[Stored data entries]
*** Block opens ***

(* Let $n,g,k$ be integers with $k\ge 1$ and $2\leq g\leq \left\lfloor \frac{n-k-2}{2}\right\rfloor$, with $(n-k)g$ even. Let $F_1,F_2$ be two connected $g$-regular graphs with $|V(F_1)|+|V(F_2)|=n-k$, and let $K_{1,k-1}$ be a star with center $v$. Let $F^k_n$ be a graph obtained from the disjoint union of $F_1$, $F_2$ and $K_{1,k-1}$ by adding exactly one edge from $v$ to $F_1$ and exactly one edge from $v$ to $F_2$. Then $\kappa^g(F^k_n)=k$.
   Context: For a connected graph $G=(V,E)$ and integer $g\ge0$: a set $F\subseteq V$ is a $g$-good-neighbor faulty set if $|N(v)\cap (V-F)|\geq g$ for every $v\in V-F$; a $g$-good-neighbor cut is such an $F$ with $G-F$ disconnected; $\kappa^g(G)$ is the minimum cardinality of a $g$-good-neighbor cut. *)

theory Defs
  imports Main "HOL-Library.Extended_Nat"
begin

definition simple_graph :: "'a set \<Rightarrow> ('a \<Rightarrow> 'a \<Rightarrow> bool) \<Rightarrow> bool" where
  "simple_graph V E \<longleftrightarrow> finite V \<and> (\<forall>x y. E x y \<longrightarrow> x \<in> V \<and> y \<in> V)
     \<and> (\<forall>x y. E x y \<longrightarrow> E y x) \<and> (\<forall>x. \<not> E x x)"

definition nbhd :: "'a set \<Rightarrow> ('a \<Rightarrow> 'a \<Rightarrow> bool) \<Rightarrow> 'a \<Rightarrow> 'a set" where
  "nbhd V E v = {u \<in> V. E v u}"

definition regular :: "'a set \<Rightarrow> ('a \<Rightarrow> 'a \<Rightarrow> bool) \<Rightarrow> nat \<Rightarrow> bool" where
  "regular V E g \<longleftrightarrow> (\<forall>v\<in>V. card (nbhd V E v) = g)"

definition reach_in :: "'a set \<Rightarrow> ('a \<Rightarrow> 'a \<Rightarrow> bool) \<Rightarrow> 'a \<Rightarrow> 'a \<Rightarrow> bool" where
  "reach_in S E x y = (\<lambda>a b. E a b \<and> a \<in> S \<and> b \<in> S)\<^sup>*\<^sup>* x y"

definition connected_graph :: "'a set \<Rightarrow> ('a \<Rightarrow> 'a \<Rightarrow> bool) \<Rightarrow> bool" where
  "connected_graph V E \<longleftrightarrow> V \<noteq> {} \<and> (\<forall>x\<in>V. \<forall>y\<in>V. reach_in V E x y)"

definition disconnected_after :: "'a set \<Rightarrow> ('a \<Rightarrow> 'a \<Rightarrow> bool) \<Rightarrow> 'a set \<Rightarrow> bool" where
  "disconnected_after V E F \<longleftrightarrow> (\<exists>x\<in>V - F. \<exists>y\<in>V - F. \<not> reach_in (V - F) E x y)"

definition good_neighbor_faulty :: "'a set \<Rightarrow> ('a \<Rightarrow> 'a \<Rightarrow> bool) \<Rightarrow> nat \<Rightarrow> 'a set \<Rightarrow> bool" where
  "good_neighbor_faulty V E g F \<longleftrightarrow> F \<subseteq> V \<and>
     (\<forall>v\<in>V - F. card (nbhd V E v \<inter> (V - F)) \<ge> g)"

definition good_neighbor_cut :: "'a set \<Rightarrow> ('a \<Rightarrow> 'a \<Rightarrow> bool) \<Rightarrow> nat \<Rightarrow> 'a set \<Rightarrow> bool" where
  "good_neighbor_cut V E g F \<longleftrightarrow> good_neighbor_faulty V E g F \<and> disconnected_after V E F"

text \<open>Minimum cardinality of a g-good-neighbor cut (infinity if none exists).\<close>
definition kappa_g :: "'a set \<Rightarrow> ('a \<Rightarrow> 'a \<Rightarrow> bool) \<Rightarrow> nat \<Rightarrow> enat" where
  "kappa_g V E g = (INF F \<in> {F. good_neighbor_cut V E g F}. enat (card F))"

end

theory Submission
  imports Defs
begin

text \<open>The cut \<open>L \<union> {v}\<close> (the star) leaves the two \<open>g\<close>-regular graphs \<open>F\<^sub>1\<close>, \<open>F\<^sub>2\<close>
intact but separated, so \<open>\<kappa>\<^sup>g \<le> k\<close>. Conversely, for \<open>g \<ge> 2\<close> a leaf of the star has a
single neighbour, so every \<open>g\<close>-good-neighbor faulty set contains all \<open>k - 1\<close> leaves; if
it had fewer than \<open>k\<close> vertices it would consist of the leaves only, and then the rest of
the graph stays connected through \<open>v\<close>.\<close>

lemma reach_in_trans:
  "reach_in S E x y \<Longrightarrow> reach_in S E y z \<Longrightarrow> reach_in S E x z"
  unfolding reach_in_def by simp

lemma reach_in_edge:
  "E x y \<Longrightarrow> x \<in> S \<Longrightarrow> y \<in> S \<Longrightarrow> reach_in S E x y"
  unfolding reach_in_def by auto

lemma reach_in_sym:
  assumes "reach_in S E x y" and "\<And>p q. E p q \<Longrightarrow> E q p"
  shows "reach_in S E y x"
proof -
  have "symp (\<lambda>p q. E p q \<and> p \<in> S \<and> q \<in> S)"
    using assms(2) by (auto simp: symp_def)
  then show ?thesis
    using assms(1) unfolding reach_in_def by (meson symp_rtranclp symp_def)
qed

lemma reach_in_mono:
  assumes "reach_in S E x y" and "S \<subseteq> T"
    and "\<And>p q. E p q \<Longrightarrow> p \<in> S \<Longrightarrow> q \<in> S \<Longrightarrow> E' p q"
  shows "reach_in T E' x y"
  using assms(1) unfolding reach_in_def
proof (induction rule: rtranclp_induct)
  case (step y z)
  then have "E' y z \<and> y \<in> T \<and> z \<in> T"
    using assms(2,3) by blast
  then show ?case
    using step.IH by (simp add: rtranclp.rtrancl_into_rtrancl)
qed simp

lemma reach_in_closed:
  assumes "reach_in S E x y" and "x \<in> A"
    and "\<And>p q. E p q \<Longrightarrow> p \<in> S \<Longrightarrow> q \<in> S \<Longrightarrow> p \<in> A \<Longrightarrow> q \<in> A"
  shows "y \<in> A"
  using assms(1) unfolding reach_in_def
proof (induction rule: rtranclp_induct)
  case base
  then show ?case using assms(2) by simp
next
  case (step y z)
  then show ?case using assms(3) by blast
qed

lemma reach_in_hub_of_connected_subgraph:
  assumes "connected_graph W E'" and "\<And>p q. E' p q \<Longrightarrow> E p q" and "W \<subseteq> S"
    and "a \<in> W" and "E a h" and "h \<in> S" and "x \<in> W"
  shows "reach_in S E x h"
proof -
  have "reach_in W E' x a"
    using assms(1,4,7) by (simp add: connected_graph_def)
  then have "reach_in S E x a"
    using assms(3) by (rule reach_in_mono) (rule assms(2))
  moreover have "reach_in S E a h"
    using assms(3-6) by (intro reach_in_edge) auto
  ultimately show ?thesis by (rule reach_in_trans)
qed

lemma not_disconnected_after_if_hub:
  assumes "\<And>x. x \<in> V - F \<Longrightarrow> reach_in (V - F) E x h" and "\<And>p q. E p q \<Longrightarrow> E q p"
  shows "\<not> disconnected_after V E F"
proof -
  have "reach_in (V - F) E x y" if "x \<in> V - F" "y \<in> V - F" for x y
  proof -
    have "reach_in (V - F) E h y"
      using assms(1)[OF that(2)] assms(2) by (rule reach_in_sym)
    with assms(1)[OF that(1)] show ?thesis
      by (rule reach_in_trans)
  qed
  then show ?thesis
    unfolding disconnected_after_def by blast
qed

lemma good_neighbors_ge_of_regular_subgraph:
  assumes "regular W E' g" and "simple_graph W E'" and "finite V" and "W \<subseteq> V - F"
    and "\<And>p q. E' p q \<Longrightarrow> E p q" and "x \<in> W"
  shows "g \<le> card (nbhd V E x \<inter> (V - F))"
proof -
  have "nbhd W E' x \<subseteq> nbhd V E x \<inter> (V - F)"
    using assms(2,4,5) by (auto simp: nbhd_def simple_graph_def)
  then have "card (nbhd W E' x) \<le> card (nbhd V E x \<inter> (V - F))"
    using assms(3) by (intro card_mono) auto
  then show ?thesis
    using assms(1,6) by (simp add: regular_def)
qed

lemma mem_good_neighbor_faulty_if_degree_less:
  assumes "good_neighbor_faulty V E g F" and "finite V" and "x \<in> V"
    and "card (nbhd V E x) < g"
  shows "x \<in> F"
proof (rule ccontr)
  assume "x \<notin> F"
  then have "g \<le> card (nbhd V E x \<inter> (V - F))"
    using assms(1,3) by (simp add: good_neighbor_faulty_def)
  also have "\<dots> \<le> card (nbhd V E x)"
    using assms(2) by (intro card_mono) (auto simp: nbhd_def)
  finally show False using assms(4) by simp
qed

lemma kappa_g_eq_enatI:
  assumes "good_neighbor_cut V E g F\<^sub>0" and "card F\<^sub>0 = k"
    and "\<And>F. good_neighbor_cut V E g F \<Longrightarrow> k \<le> card F"
  shows "kappa_g V E g = enat k"
  unfolding kappa_g_def
proof (rule antisym)
  show "(INF F \<in> {F. good_neighbor_cut V E g F}. enat (card F)) \<le> enat k"
    using assms(1,2) INF_lower[of F\<^sub>0 "{F. good_neighbor_cut V E g F}" "\<lambda>F. enat (card F)"]
    by simp
  show "enat k \<le> (INF F \<in> {F. good_neighbor_cut V E g F}. enat (card F))"
    using assms(3) by (auto intro!: INF_greatest)
qed

text \<open>The graph \<open>F\<^sup>k\<^sub>n\<close>: \<open>L\<close> is the set of leaves of the star \<open>K\<^sub>1\<^sub>,\<^sub>k\<^sub>-\<^sub>1\<close> with centre \<open>v\<close>,
and \<open>v\<close> is joined to \<open>a \<in> V\<^sub>1\<close> and \<open>b \<in> V\<^sub>2\<close>.\<close>

locale star_join =
  fixes V\<^sub>1 V\<^sub>2 L :: "'a set" and E\<^sub>1 E\<^sub>2 :: "'a \<Rightarrow> 'a \<Rightarrow> bool" and v a b :: 'a
  assumes simple\<^sub>1: "simple_graph V\<^sub>1 E\<^sub>1" and simple\<^sub>2: "simple_graph V\<^sub>2 E\<^sub>2"
    and disjoint: "V\<^sub>1 \<inter> V\<^sub>2 = {}" "L \<inter> V\<^sub>1 = {}" "L \<inter> V\<^sub>2 = {}"
    and centre: "v \<notin> V\<^sub>1" "v \<notin> V\<^sub>2" "v \<notin> L"
    and finite_leaves: "finite L"
    and a_in: "a \<in> V\<^sub>1" and b_in: "b \<in> V\<^sub>2"
begin

definition V :: "'a set" where
  "V = V\<^sub>1 \<union> V\<^sub>2 \<union> {v} \<union> L"

definition E :: "'a \<Rightarrow> 'a \<Rightarrow> bool" where
  "E = (\<lambda>x y. E\<^sub>1 x y \<or> E\<^sub>2 x y
          \<or> (x = v \<and> y \<in> L) \<or> (y = v \<and> x \<in> L)
          \<or> (x = v \<and> y = a) \<or> (x = a \<and> y = v)
          \<or> (x = v \<and> y = b) \<or> (x = b \<and> y = v))"

lemma edges\<^sub>1: "E\<^sub>1 x y \<Longrightarrow> x \<in> V\<^sub>1 \<and> y \<in> V\<^sub>1 \<and> E\<^sub>1 y x"
  using simple\<^sub>1 by (auto simp: simple_graph_def)

lemma edges\<^sub>2: "E\<^sub>2 x y \<Longrightarrow> x \<in> V\<^sub>2 \<and> y \<in> V\<^sub>2 \<and> E\<^sub>2 y x"
  using simple\<^sub>2 by (auto simp: simple_graph_def)

lemma finite_V: "finite V"
  using simple\<^sub>1 simple\<^sub>2 finite_leaves by (simp add: V_def simple_graph_def)

lemma E_sym: "E x y \<Longrightarrow> E y x"
  using edges\<^sub>1 edges\<^sub>2 unfolding E_def by blast

lemma V_minus_star: "V - insert v L = V\<^sub>1 \<union> V\<^sub>2"
  using disjoint centre by (auto simp: V_def)

lemma V_minus_leaves: "V - L = V\<^sub>1 \<union> V\<^sub>2 \<union> {v}"
  using disjoint centre by (auto simp: V_def)

lemma star_good_neighbor_cut:
  assumes "regular V\<^sub>1 E\<^sub>1 g" and "regular V\<^sub>2 E\<^sub>2 g"
  shows "good_neighbor_cut V E g (insert v L)"
  unfolding good_neighbor_cut_def good_neighbor_faulty_def
proof (intro conjI ballI)
  show "insert v L \<subseteq> V" by (auto simp: V_def)
next
  fix x assume "x \<in> V - insert v L"
  then consider "x \<in> V\<^sub>1" | "x \<in> V\<^sub>2" using V_minus_star by blast
  then show "g \<le> card (nbhd V E x \<inter> (V - insert v L))"
  proof cases
    case 1
    show ?thesis
      by (rule good_neighbors_ge_of_regular_subgraph[OF assms(1) simple\<^sub>1 finite_V _ _ 1])
        (simp_all add: V_minus_star E_def)
  next
    case 2
    show ?thesis
      by (rule good_neighbors_ge_of_regular_subgraph[OF assms(2) simple\<^sub>2 finite_V _ _ 2])
        (simp_all add: V_minus_star E_def)
  qed
next
  have "\<not> reach_in (V\<^sub>1 \<union> V\<^sub>2) E a b"
  proof
    assume "reach_in (V\<^sub>1 \<union> V\<^sub>2) E a b"
    then have "b \<in> V\<^sub>1"
    proof (rule reach_in_closed)
      fix p q assume "E p q" "p \<in> V\<^sub>1 \<union> V\<^sub>2" "q \<in> V\<^sub>1 \<union> V\<^sub>2" "p \<in> V\<^sub>1"
      then show "q \<in> V\<^sub>1"
        using edges\<^sub>1[of p q] edges\<^sub>2[of p q] disjoint(1) centre b_in unfolding E_def by blast
    qed (rule a_in)
    then show False using b_in disjoint by auto
  qed
  then show "disconnected_after V E (insert v L)"
    unfolding disconnected_after_def V_minus_star using a_in b_in by blast
qed

lemma leaves_subset_good_neighbor_faulty:
  assumes "2 \<le> g" and "good_neighbor_faulty V E g F"
  shows "L \<subseteq> F"
proof
  fix l assume l: "l \<in> L"
  have "l \<notin> V\<^sub>1" "l \<notin> V\<^sub>2" "l \<noteq> v"
    using l disjoint centre by auto
  then have "E l y \<Longrightarrow> y = v" for y
    using edges\<^sub>1[of l y] edges\<^sub>2[of l y] a_in b_in unfolding E_def by blast
  then have "nbhd V E l \<subseteq> {v}"
    by (auto simp: nbhd_def)
  then have "card (nbhd V E l) \<le> card {v}"
    by (rule card_mono[rotated]) simp
  then have "card (nbhd V E l) < g"
    using assms(1) by simp
  then show "l \<in> F"
    by (rule mem_good_neighbor_faulty_if_degree_less[OF assms(2) finite_V, rotated])
      (simp add: V_def l)
qed

lemma connected_without_leaves:
  assumes "connected_graph V\<^sub>1 E\<^sub>1" and "connected_graph V\<^sub>2 E\<^sub>2"
  shows "\<not> disconnected_after V E L"
proof (rule not_disconnected_after_if_hub)
  fix x assume "x \<in> V - L"
  then consider "x \<in> V\<^sub>1" | "x \<in> V\<^sub>2" | "x = v" using V_minus_leaves by blast
  then show "reach_in (V - L) E x v"
  proof cases
    case 1
    show ?thesis
      unfolding V_minus_leaves
      by (rule reach_in_hub_of_connected_subgraph[OF assms(1) _ _ a_in _ _ 1]) (auto simp: E_def)
  next
    case 2
    show ?thesis
      unfolding V_minus_leaves
      by (rule reach_in_hub_of_connected_subgraph[OF assms(2) _ _ b_in _ _ 2]) (auto simp: E_def)
  qed (simp add: reach_in_def)
qed (rule E_sym)

theorem kappa_g_star_join:
  assumes "2 \<le> g"
    and "connected_graph V\<^sub>1 E\<^sub>1" "regular V\<^sub>1 E\<^sub>1 g"
    and "connected_graph V\<^sub>2 E\<^sub>2" "regular V\<^sub>2 E\<^sub>2 g"
  shows "kappa_g V E g = enat (card L + 1)"
proof (rule kappa_g_eq_enatI)
  show "good_neighbor_cut V E g (insert v L)"
    using assms(3,5) by (rule star_good_neighbor_cut)
  show "card (insert v L) = card L + 1"
    using finite_leaves centre by simp
next
  fix F assume cut: "good_neighbor_cut V E g F"
  then have faulty: "good_neighbor_faulty V E g F"
    by (simp add: good_neighbor_cut_def)
  have "finite F"
    using faulty finite_subset[OF _ finite_V] by (simp add: good_neighbor_faulty_def)
  moreover have "L \<subset> F"
  proof
    show "L \<subseteq> F"
      using assms(1) faulty by (rule leaves_subset_good_neighbor_faulty)
    show "L \<noteq> F"
      using cut connected_without_leaves[OF assms(2,4)] by (auto simp: good_neighbor_cut_def)
  qed
  ultimately show "card L + 1 \<le> card F"
    by (simp add: psubset_card_mono Suc_leI)
qed

end

theorem lemma4p1:
  fixes n g k :: nat
    and V1 V2 L :: "'a set" and E1 E2 :: "'a \<Rightarrow> 'a \<Rightarrow> bool"
    and v a b :: 'a
  assumes "k \<ge> 1"
    and "2 \<le> g" and "int g \<le> (int n - int k - 2) div 2"
    and "even ((int n - int k) * int g)"
    and "simple_graph V1 E1" and "connected_graph V1 E1" and "regular V1 E1 g"
    and "simple_graph V2 E2" and "connected_graph V2 E2" and "regular V2 E2 g"
    and "int (card V1 + card V2) = int n - int k"
    and "V1 \<inter> V2 = {}"
    and "finite L" and "card L = k - 1"
    and "v \<notin> V1" and "v \<notin> V2" and "v \<notin> L"
    and "L \<inter> V1 = {}" and "L \<inter> V2 = {}"
    and "a \<in> V1" and "b \<in> V2"
  shows "kappa_g (V1 \<union> V2 \<union> {v} \<union> L)
           (\<lambda>x y. E1 x y \<or> E2 x y
                  \<or> (x = v \<and> y \<in> L) \<or> (y = v \<and> x \<in> L)
                  \<or> (x = v \<and> y = a) \<or> (x = a \<and> y = v)
                  \<or> (x = v \<and> y = b) \<or> (x = b \<and> y = v))
           g = enat k"
proof -
  interpret star_join V1 V2 L E1 E2 v a b
    using assms(5,8,12-21) by unfold_locales
  have "kappa_g V E g = enat (card L + 1)"
    using assms(2,6,7,9,10) by (rule kappa_g_star_join)
  then show ?thesis
    using assms(1,14) by (simp add: V_def E_def)
qed

end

*** Block closes ***

** PROBLEM **
Search the data for the string "fixes". List each line that has it.

** OUTPUT **
  fixes V\<^sub>1 V\<^sub>2 L :: "'a set" and E\<^sub>1 E\<^sub>2 :: "'a \<Rightarrow> 'a \<Rightarrow> bool" and v a b :: 'a
  fixes n g k :: nat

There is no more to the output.